Start of Given data
lemma compactin_zariski_overrings_containing:
  "compactin (zariski_overrings D) (overrings_containing D F)"
  unfolding compactin_def
proof (intro conjI allI impI)
  show "overrings_containing D F \<subseteq> topspace (zariski_overrings D)"
    by (auto simp: topspace_zariski_overrings)
  fix \<U> assume "(\<forall>U\<in>\<U>. openin (zariski_overrings D) U) \<and> overrings_containing D F \<subseteq> \<Union>\<U>"
  then have opens: "\<And>U. U \<in> \<U> \<Longrightarrow> openin (zariski_overrings D) U"
    and cover: "overrings_containing D F \<subseteq> \<Union>\<U>" by auto
  define R0 where "R0 = \<Inter>(overrings_containing D F)"
  have "UNIV \<in> overrings_containing D F" unfolding overrings_def by (simp add: is_subring_UNIV)
  then have "is_subring R0"
    unfolding R0_def by (intro subring_Inter) (auto simp: overrings_def)
  then have "R0 \<in> overrings_containing D F" unfolding R0_def overrings_def by auto
  then have "R0 \<in> \<Union>\<U>" using cover by (rule subsetD[rotated])
  then obtain U where U: "U \<in> \<U>" "R0 \<in> U" by (rule UnionE)
  obtain F' where F': "finite F'" "F' \<subseteq> R0" "overrings_containing D F' \<subseteq> U"
    by (rule openin_zariski_overrings_nhd[OF opens[OF U(1)] U(2)])
  have "overrings_containing D F \<subseteq> U"
  proof
    fix S assume S: "S \<in> overrings_containing D F"
    then have "R0 \<subseteq> S" unfolding R0_def by (rule Inter_lower)
    then have "S \<in> overrings_containing D F'" using S F'(2) by auto
    with F'(3) show "S \<in> U" by (rule subsetD)
  qed
  with U(1) show "\<exists>\<F>. finite \<F> \<and> \<F> \<subseteq> \<U> \<and> overrings_containing D F \<subseteq> \<Union>\<F>"
    by (intro exI[of _ "{U}"]) auto
qed

lemma compact_open_zariski_overrings_finite_union:
  assumes U: "openin (zariski_overrings D) U" "compactin (zariski_overrings D) U"
  obtains \<F> where "finite \<F>" "\<And>F. F \<in> \<F> \<Longrightarrow> finite F" "U = (\<Union>F\<in>\<F>. overrings_containing D F)"
proof -
  define \<A> where "\<A> = {F. finite F \<and> overrings_containing D F \<subseteq> U}"
  have "U \<subseteq> \<Union>(overrings_containing D ` \<A>)"
  proof
    fix R assume R: "R \<in> U"
    obtain F where F: "finite F" "F \<subseteq> R" "overrings_containing D F \<subseteq> U"
      by (rule openin_zariski_overrings_nhd[OF U(1) R])
    have "R \<in> overrings D"
      using subsetD[OF openin_subset[OF U(1)] R] by (simp add: topspace_zariski_overrings)
    then have "R \<in> overrings_containing D F" using F(2) by simp
    moreover have "F \<in> \<A>" using F(1,3) unfolding \<A>_def by simp
    ultimately show "R \<in> \<Union>(overrings_containing D ` \<A>)" by (intro UN_I)
  qed
  moreover have "\<forall>W\<in>overrings_containing D ` \<A>. openin (zariski_overrings D) W"
    using openin_zariski_overrings_containing unfolding \<A>_def by auto
  ultimately obtain \<W> where \<W>: "finite \<W>" "\<W> \<subseteq> overrings_containing D ` \<A>" "U \<subseteq> \<Union>\<W>"
    using U(2)[unfolded compactin_def, THEN conjunct2, THEN spec, of "overrings_containing D ` \<A>"]
    by (elim impE exE conjE) auto
  obtain \<F> where \<F>: "\<F> \<subseteq> \<A>" "finite \<F>" "\<W> = overrings_containing D ` \<F>"
    using finite_subset_image[OF \<W>(1,2)] by (elim exE conjE)
  show thesis
  proof (rule that[OF \<F>(2)])
    show "finite F" if "F \<in> \<F>" for F using subsetD[OF \<F>(1) that] unfolding \<A>_def by simp
    show "U = (\<Union>F\<in>\<F>. overrings_containing D F)"
    proof (rule antisym)
      show "U \<subseteq> (\<Union>F\<in>\<F>. overrings_containing D F)" using \<W>(3) unfolding \<F>(3) .
      show "(\<Union>F\<in>\<F>. overrings_containing D F) \<subseteq> U"
        using subsetD[OF \<F>(1)] unfolding \<A>_def by (intro UN_least) simp
    qed
  qed
qed

definition constructible_subbasis :: "'a::field set \<Rightarrow> 'a set set set" where
  "constructible_subbasis D =
     {U. openin (zariski_overrings D) U \<and> compactin (zariski_overrings D) U} \<union>
     {topspace (zariski_overrings D) - U | U.
        openin (zariski_overrings D) U \<and> compactin (zariski_overrings D) U}"

lemma constructible_overrings_eq:
  "constructible_overrings D = topology_generated_by (constructible_subbasis D)"
  unfolding constructible_overrings_def constructible_subbasis_def ..

lemma topspace_constructible_overrings: "topspace (constructible_overrings D) = overrings D"
proof -
  have "overrings D = overrings_containing D {}" by simp
  then have "openin (zariski_overrings D) (overrings D)"
    "compactin (zariski_overrings D) (overrings D)"
    using openin_zariski_overrings_containing[of "{}" D]
      compactin_zariski_overrings_containing[of D "{}"]
    by simp_all
  then show ?thesis
    unfolding constructible_overrings_eq constructible_subbasis_def topology_generated_by_topspace
    using openin_subset[of "zariski_overrings D"] by (auto simp: topspace_zariski_overrings)
qed

lemma openin_constructible_overrings:
  assumes "openin (zariski_overrings D) U" "compactin (zariski_overrings D) U"
  shows "openin (constructible_overrings D) U"
    "openin (constructible_overrings D) (overrings D - U)"
  using assms
  unfolding constructible_overrings_eq constructible_subbasis_def topspace_zariski_overrings
  by (auto intro: topology_generated_by_Basis)
(* Let $M(i)$ be a maximal matching of $G(i)$, let $V_{cover}(i)$ be the set of endpoints of edges of $M(i)$, let $j\ge i$, and let $V'=V_{cover}(i\rightarrow j)$. Let $G'$ be the subgraph of $G(j)$ consisting of all edges of $G(j)$ between vertices of $V'$, together with, for each vertex $u\in V'$, up to $|V'|+1$ arbitrary edges of $G(j)$ from $u$ to vertices in $V\setminus V'$ (all such edges if there are fewer). Then for any maximal matching $M'$ of $G'$, the set of endpoints of edges of $M'$ is a vertex cover of $G(j)$ whose size is at most twice the size of a minimum vertex cover of $G(j)$.
   Context: A graph on vertex set $V$ undergoes a sequence of updates numbered $1,2,\dots$, each inserting or deleting one edge; $G(i)$ is the graph after the $i$-th update. A matching is maximal if no edge of the graph has both endpoints unmatched. $V_{cover}(i\rightarrow j)$ is obtained from $V_{cover}(i)$ by adding all endpoints of edges inserted during updates $i+1,\dots,j$; it is a vertex cover of $G(j)$. *)

theory Defs
  imports Main
begin

definition is_edge :: "'a set \<Rightarrow> 'a set \<Rightarrow> bool" where
  "is_edge V e \<longleftrightarrow> e \<subseteq> V \<and> card e = 2"

definition is_graph :: "'a set \<Rightarrow> 'a set set \<Rightarrow> bool" where
  "is_graph V E \<longleftrightarrow> (\<forall>e\<in>E. is_edge V e)"

datatype 'a update = Ins "'a set" | Del "'a set"

fun apply_update :: "'a update \<Rightarrow> 'a set set \<Rightarrow> 'a set set" where
  "apply_update (Ins e) E = insert e E"
| "apply_update (Del e) E = E - {e}"

text \<open>G0 is the initial graph, ups k is the k-th update (k \<ge> 1); graph_at G0 ups i = G(i).\<close>
fun graph_at :: "'a set set \<Rightarrow> (nat \<Rightarrow> 'a update) \<Rightarrow> nat \<Rightarrow> 'a set set" where
  "graph_at G0 ups 0 = G0"
| "graph_at G0 ups (Suc i) = apply_update (ups (Suc i)) (graph_at G0 ups i)"

definition valid_updates :: "'a set \<Rightarrow> (nat \<Rightarrow> 'a update) \<Rightarrow> bool" where
  "valid_updates V ups \<longleftrightarrow> (\<forall>k e. ups k = Ins e \<longrightarrow> is_edge V e)"
definition H1loc_deriv :: "real set \<Rightarrow> (real \<Rightarrow> 'v \<Rightarrow> real) \<Rightarrow> (real \<Rightarrow> 'v \<Rightarrow> real) \<Rightarrow> bool" where
  "H1loc_deriv T u u' \<longleftrightarrow>
     (\<forall>a\<in>T. \<forall>b\<in>T. a < b \<longrightarrow> (\<forall>i. H1_weak_deriv a b (\<lambda>t. u t i) (\<lambda>t. u' t i)))"

definition mc_dobs_AC_solution ::
  "('v::finite \<Rightarrow> 'v \<Rightarrow> real) \<Rightarrow> real \<Rightarrow> real \<Rightarrow> real set \<Rightarrow> (real \<Rightarrow> 'v \<Rightarrow> real) \<Rightarrow> (real \<Rightarrow> 'v \<Rightarrow> real) \<Rightarrow> bool" where
  "mc_dobs_AC_solution w r \<epsilon> T u \<beta> \<longleftrightarrow>
     (\<forall>t\<in>T. u t \<in> Vbox) \<and> continuous_on T u \<and>
     (\<exists>u'. H1loc_deriv T u u' \<and>
        (AE t in lebesgue. t \<in> T \<longrightarrow>
           (\<forall>i. \<epsilon> * u' t i + \<epsilon> * lap w r (u t) i - u t i + avg w r (u t)
                 = \<beta> t i - avg w r (\<beta> t)) \<and>
           \<beta> t \<in> Bset (u t)))"

end

(*
  At almost every time the flow equation only involves the pair (u(t), u'(t)) and a multiplier
  beta(t) that may be chosen pointwise. For a state x in the box, write a for the residual
  eps v + eps Lap x - x + avg x. Subtracting the average of beta means that the equation is
  solvable iff a has zero mass and a + c lies in B(x) for some constant c. By the discrete Green
  identity <grad x, grad eta - grad x>_E = <Lap x, eta - x>_V, the variational inequality is
  <a, eta - x>_V >= 0 for all eta in the box with the mass of x, i.e. x minimises the linear
  functional <a, .>_V on that set. Its KKT condition is again that a + c lies in B(x) for some c;
  necessity follows by moving mass between two vertices. Zero mass of a is zero mass of v, because the Laplacian has
  zero mass. Finally, the weak derivative in the definition of a solution agrees almost
  everywhere with u' by the fundamental lemma of the calculus of variations, which is proved
  with smooth cutoffs built from exp(-1/x).
*)

theory Submission
  imports Defs
begin

section \<open>Smooth cutoff functions\<close>

definition flat_exp :: "nat \<Rightarrow> real \<Rightarrow> real" where
  "flat_exp n x = (if 0 < x then exp (- inverse x) * inverse x ^ n else 0)"

lemma flat_exp_nonneg: "0 \<le> flat_exp n x"
  by (simp add: flat_exp_def)

lemma flat_exp_pos: "0 < x \<Longrightarrow> 0 < flat_exp n x"
  by (simp add: flat_exp_def)

lemma has_real_derivative_flat_exp_0: "(flat_exp n has_real_derivative 0) (at 0)"
proof -
  have right: "((\<lambda>y. (flat_exp n y - flat_exp n 0) / (y - 0)) \<longlongrightarrow> 0) (at_right 0)"
  proof (rule Lim_transform_eventually)
    show "((\<lambda>y. inverse y ^ Suc n / exp (inverse y)) \<longlongrightarrow> 0) (at_right (0::real))"
      by (rule filterlim_compose[OF tendsto_power_div_exp_0 filterlim_inverse_at_top_right])
    show "\<forall>\<^sub>F y in at_right 0. inverse y ^ Suc n / exp (inverse y) = (flat_exp n y - flat_exp n 0) / (y - 0)"
      using eventually_at_right_less[of "0::real"]
      by eventually_elim (auto simp: flat_exp_def exp_minus field_simps)
  qed
  have left: "((\<lambda>y. (flat_exp n y - flat_exp n 0) / (y - 0)) \<longlongrightarrow> 0) (at_left 0)"
  proof (rule Lim_transform_eventually[OF tendsto_const])
    show "\<forall>\<^sub>F y in at_left 0. 0 = (flat_exp n y - flat_exp n 0) / (y - 0)"
      using eventually_at_left_real[of "-1" 0, simplified] by eventually_elim (auto simp: flat_exp_def)
  qed
  from left right show ?thesis
    by (simp add: has_field_derivative_iff filterlim_at_split)
qed

lemma has_real_derivative_flat_exp:
  "(flat_exp n has_real_derivative flat_exp (n + 2) x - real n * flat_exp (n + 1) x) (at x)"
proof (cases x "0 :: real" rule: linorder_cases)
  case less
  have "(flat_exp n has_real_derivative 0) (at x)"
    by (rule has_field_derivative_transform_within_open[of "\<lambda>_. 0" 0 x "{..<0}"])
       (use less in \<open>auto simp: flat_exp_def\<close>)
  then show ?thesis
    using less by (simp add: flat_exp_def)
next
  case equal
  then show ?thesis
    using has_real_derivative_flat_exp_0 by (simp add: flat_exp_def)
next
  case greater
  have "((\<lambda>y. exp (- inverse y) * inverse y ^ n) has_real_derivative
      exp (- inverse x) * inverse x ^ 2 * inverse x ^ n
      - exp (- inverse x) * (real n * inverse x ^ (n - 1) * inverse x ^ 2)) (at x)"
    using greater by (auto intro!: derivative_eq_intros simp: power2_eq_square)
  also have "exp (- inverse x) * inverse x ^ 2 * inverse x ^ n
      - exp (- inverse x) * (real n * inverse x ^ (n - 1) * inverse x ^ 2)
    = flat_exp (n + 2) x - real n * flat_exp (n + 1) x"
    using greater by (cases n) (simp_all add: flat_exp_def power2_eq_square algebra_simps)
  finally show ?thesis
    by (rule has_field_derivative_transform_within_open[where S = "{0<..}"])
       (use greater in \<open>auto simp: flat_exp_def\<close>)
qed

inductive_set fun_algebra :: "(real \<Rightarrow> real) set \<Rightarrow> (real \<Rightarrow> real) set" for F where
  generator: "f \<in> F \<Longrightarrow> f \<in> fun_algebra F"
| const: "(\<lambda>x. c) \<in> fun_algebra F"
| add: "f \<in> fun_algebra F \<Longrightarrow> g \<in> fun_algebra F \<Longrightarrow> (\<lambda>x. f x + g x) \<in> fun_algebra F"
| mult: "f \<in> fun_algebra F \<Longrightarrow> g \<in> fun_algebra F \<Longrightarrow> (\<lambda>x. f x * g x) \<in> fun_algebra F"

lemma fun_algebra_has_derivative:
  assumes F: "\<And>f. f \<in> F \<Longrightarrow> \<exists>f'\<in>fun_algebra F. \<forall>x. (f has_real_derivative f' x) (at x)"
  shows "f \<in> fun_algebra F \<Longrightarrow> \<exists>f'\<in>fun_algebra F. \<forall>x. (f has_real_derivative f' x) (at x)"
proof (induction rule: fun_algebra.induct)
  case (generator f)
  then show ?case by (rule F)
next
  case (const c)
  show ?case
    by (intro bexI[of _ "\<lambda>x. 0"] fun_algebra.const) auto
next
  case (add f g)
  then obtain f' g' where "f' \<in> fun_algebra F" "g' \<in> fun_algebra F"
    and "\<forall>x. (f has_real_derivative f' x) (at x)" "\<forall>x. (g has_real_derivative g' x) (at x)"
    by blast
  then show ?case
    by (intro bexI[of _ "\<lambda>x. f' x + g' x"] fun_algebra.add) (auto intro: derivative_eq_intros)
next
  case (mult f g)
  then obtain f' g' where "f' \<in> fun_algebra F" "g' \<in> fun_algebra F"
    and "\<forall>x. (f has_real_derivative f' x) (at x)" "\<forall>x. (g has_real_derivative g' x) (at x)"
    by blast
  then show ?case
    using mult.hyps
    by (intro bexI[of _ "\<lambda>x. f' x * g x + g' x * f x"] fun_algebra.add fun_algebra.mult)
       (auto intro: DERIV_mult)
qed

lemma fun_algebra_smooth:
  assumes F: "\<And>f. f \<in> F \<Longrightarrow> \<exists>f'\<in>fun_algebra F. \<forall>x. (f has_real_derivative f' x) (at x)"
    and f: "f \<in> fun_algebra F"
  shows "\<exists>D. smooth_fun f D"
proof -
  define deriv_of where
    "deriv_of g = (SOME g'. g' \<in> fun_algebra F \<and> (\<forall>x. (g has_real_derivative g' x) (at x)))" for g
  have deriv_of: "deriv_of g \<in> fun_algebra F \<and> (\<forall>x. (g has_real_derivative deriv_of g x) (at x))"
    if "g \<in> fun_algebra F" for g
    unfolding deriv_of_def using fun_algebra_has_derivative[OF F that] by (rule someI2_bex) blast
  define D where "D k = (deriv_of ^^ k) f" for k
  have "D k \<in> fun_algebra F" for k
    by (induction k) (auto simp: D_def f deriv_of)
  then have "smooth_fun f D"
    using deriv_of by (simp add: smooth_fun_def D_def)
  then show ?thesis
    by blast
qed

text \<open>The generated algebra is closed under differentiation and contains every \<open>cutoff\<close> below.\<close>
definition step_generators :: "(real \<Rightarrow> real) set" where
  "step_generators =
     {(\<lambda>x. flat_exp n (\<alpha> * x + \<beta>)) | n \<alpha> \<beta>. True} \<union>
     {(\<lambda>x. inverse (flat_exp 0 (\<alpha> * x + \<beta>) + flat_exp 0 (1 - (\<alpha> * x + \<beta>)))) | \<alpha> \<beta>. True}"

lemma flat_exp_affine_in_fun_algebra:
  "(\<lambda>x. flat_exp n (\<alpha> * x + \<beta>)) \<in> fun_algebra step_generators"
  by (rule fun_algebra.generator) (auto simp: step_generators_def)

lemma inverse_flat_exp_sum_in_fun_algebra:
  "(\<lambda>x. inverse (flat_exp 0 (\<alpha> * x + \<beta>) + flat_exp 0 (1 - (\<alpha> * x + \<beta>)))) \<in> fun_algebra step_generators"
  by (rule fun_algebra.generator) (auto simp: step_generators_def)

lemma flat_exp_sum_pos: "0 < flat_exp 0 y + flat_exp 0 (1 - y)"
  using flat_exp_pos[of y 0] flat_exp_pos[of "1 - y" 0] flat_exp_nonneg[of 0 y] flat_exp_nonneg[of 0 "1 - y"]
  by (cases "0 < y") auto

lemma has_real_derivative_flat_exp_affine:
  "((\<lambda>x. flat_exp n (\<alpha> * x + \<beta>)) has_real_derivative
     (flat_exp (n + 2) (\<alpha> * x + \<beta>) - real n * flat_exp (n + 1) (\<alpha> * x + \<beta>)) * \<alpha>) (at x)"
  by (rule DERIV_chain2[OF has_real_derivative_flat_exp]) (auto intro!: derivative_eq_intros)

lemma flat_exp_affine_derivative_in_fun_algebra:
  "\<exists>f'\<in>fun_algebra step_generators. \<forall>x. ((\<lambda>x. flat_exp n (\<alpha> * x + \<beta>)) has_real_derivative f' x) (at x)"
proof -
  let ?f' = "\<lambda>x. (flat_exp (n + 2) (\<alpha> * x + \<beta>) + (\<lambda>_. - real n) x * flat_exp (n + 1) (\<alpha> * x + \<beta>))
                 * (\<lambda>_. \<alpha>) x"
  have "?f' \<in> fun_algebra step_generators"
    by (intro fun_algebra.mult fun_algebra.add fun_algebra.const flat_exp_affine_in_fun_algebra)
  moreover have "((\<lambda>x. flat_exp n (\<alpha> * x + \<beta>)) has_real_derivative ?f' x) (at x)" for x
    using has_real_derivative_flat_exp_affine[of n \<alpha> \<beta> x] by simp
  ultimately show ?thesis
    by (intro bexI[of _ ?f']) auto
qed

lemma inverse_flat_exp_sum_derivative_in_fun_algebra:
  fixes \<alpha> \<beta> :: real
  defines "f \<equiv> \<lambda>x. inverse (flat_exp 0 (\<alpha> * x + \<beta>) + flat_exp 0 (1 - (\<alpha> * x + \<beta>)))"
  shows "\<exists>f'\<in>fun_algebra step_generators. \<forall>x. (f has_real_derivative f' x) (at x)"
proof -
  define den where "den = (\<lambda>x. flat_exp 0 (\<alpha> * x + \<beta>) + flat_exp 0 (- \<alpha> * x + (1 - \<beta>)))"
  define den' where "den' = (\<lambda>x. flat_exp 2 (\<alpha> * x + \<beta>) * \<alpha> + flat_exp 2 (- \<alpha> * x + (1 - \<beta>)) * - \<alpha>)"
  have f_den: "f = (\<lambda>x. inverse (den x))"
    by (simp add: f_def den_def algebra_simps)
  have den_deriv: "(den has_real_derivative den' x) (at x)" for x
    using DERIV_add[OF has_real_derivative_flat_exp_affine[of 0 \<alpha> \<beta> x]
        has_real_derivative_flat_exp_affine[of 0 "- \<alpha>" "1 - \<beta>" x]]
    by (simp add: den_def den'_def numeral_2_eq_2)
  have den_nonzero: "den x \<noteq> 0" for x
    using flat_exp_sum_pos[of "\<alpha> * x + \<beta>"] by (simp add: den_def add.commute diff_diff_eq)
  have "(f has_real_derivative - (den' x * inverse (den x ^ Suc (Suc 0)))) (at x)" for x
    unfolding f_den by (rule DERIV_inverse_fun[OF den_deriv den_nonzero])
  then have "(f has_real_derivative (\<lambda>_. -1) x * den' x * (f x * f x)) (at x)" for x
    by (simp add: f_den power2_eq_square)
  moreover have "(\<lambda>x. (\<lambda>_. -1) x * den' x * (f x * f x)) \<in> fun_algebra step_generators"
    (is "?f' \<in> _")
    unfolding den'_def f_def
    by (intro fun_algebra.mult fun_algebra.add fun_algebra.const flat_exp_affine_in_fun_algebra
        inverse_flat_exp_sum_in_fun_algebra)
  ultimately show ?thesis
    by (intro bexI[of _ ?f']) auto
qed

lemma step_generators_has_derivative:
  assumes "f \<in> step_generators"
  shows "\<exists>f'\<in>fun_algebra step_generators. \<forall>x. (f has_real_derivative f' x) (at x)"
  using assms[unfolded step_generators_def]
    flat_exp_affine_derivative_in_fun_algebra inverse_flat_exp_sum_derivative_in_fun_algebra
  by blast

definition smooth_step :: "real \<Rightarrow> real" where
  "smooth_step y = flat_exp 0 y / (flat_exp 0 y + flat_exp 0 (1 - y))"

lemma smooth_step_nonpos: "y \<le> 0 \<Longrightarrow> smooth_step y = 0"
  by (simp add: smooth_step_def flat_exp_def)

lemma smooth_step_ge_one: "1 \<le> y \<Longrightarrow> smooth_step y = 1"
  by (simp add: smooth_step_def flat_exp_def)

lemma smooth_step_bounds: "0 \<le> smooth_step y" "smooth_step y \<le> 1"
  using flat_exp_sum_pos[of y] flat_exp_nonneg[of 0 y] flat_exp_nonneg[of 0 "1 - y"]
  by (simp_all add: smooth_step_def field_simps)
End of Given data
• _The problem_:
Output all lines from the beginning of the data up to the line holding "fix \<U> assume", that line included, exactly as written.

• _Exercise output_:
lemma compactin_zariski_overrings_containing:
  "compactin (zariski_overrings D) (overrings_containing D F)"
  unfolding compactin_def
proof (intro conjI allI impI)
  show "overrings_containing D F \<subseteq> topspace (zariski_overrings D)"
    by (auto simp: topspace_zariski_overrings)
  fix \<U> assume "(\<forall>U\<in>\<U>. openin (zariski_overrings D) U) \<and> overrings_containing D F \<subseteq> \<Union>\<U>"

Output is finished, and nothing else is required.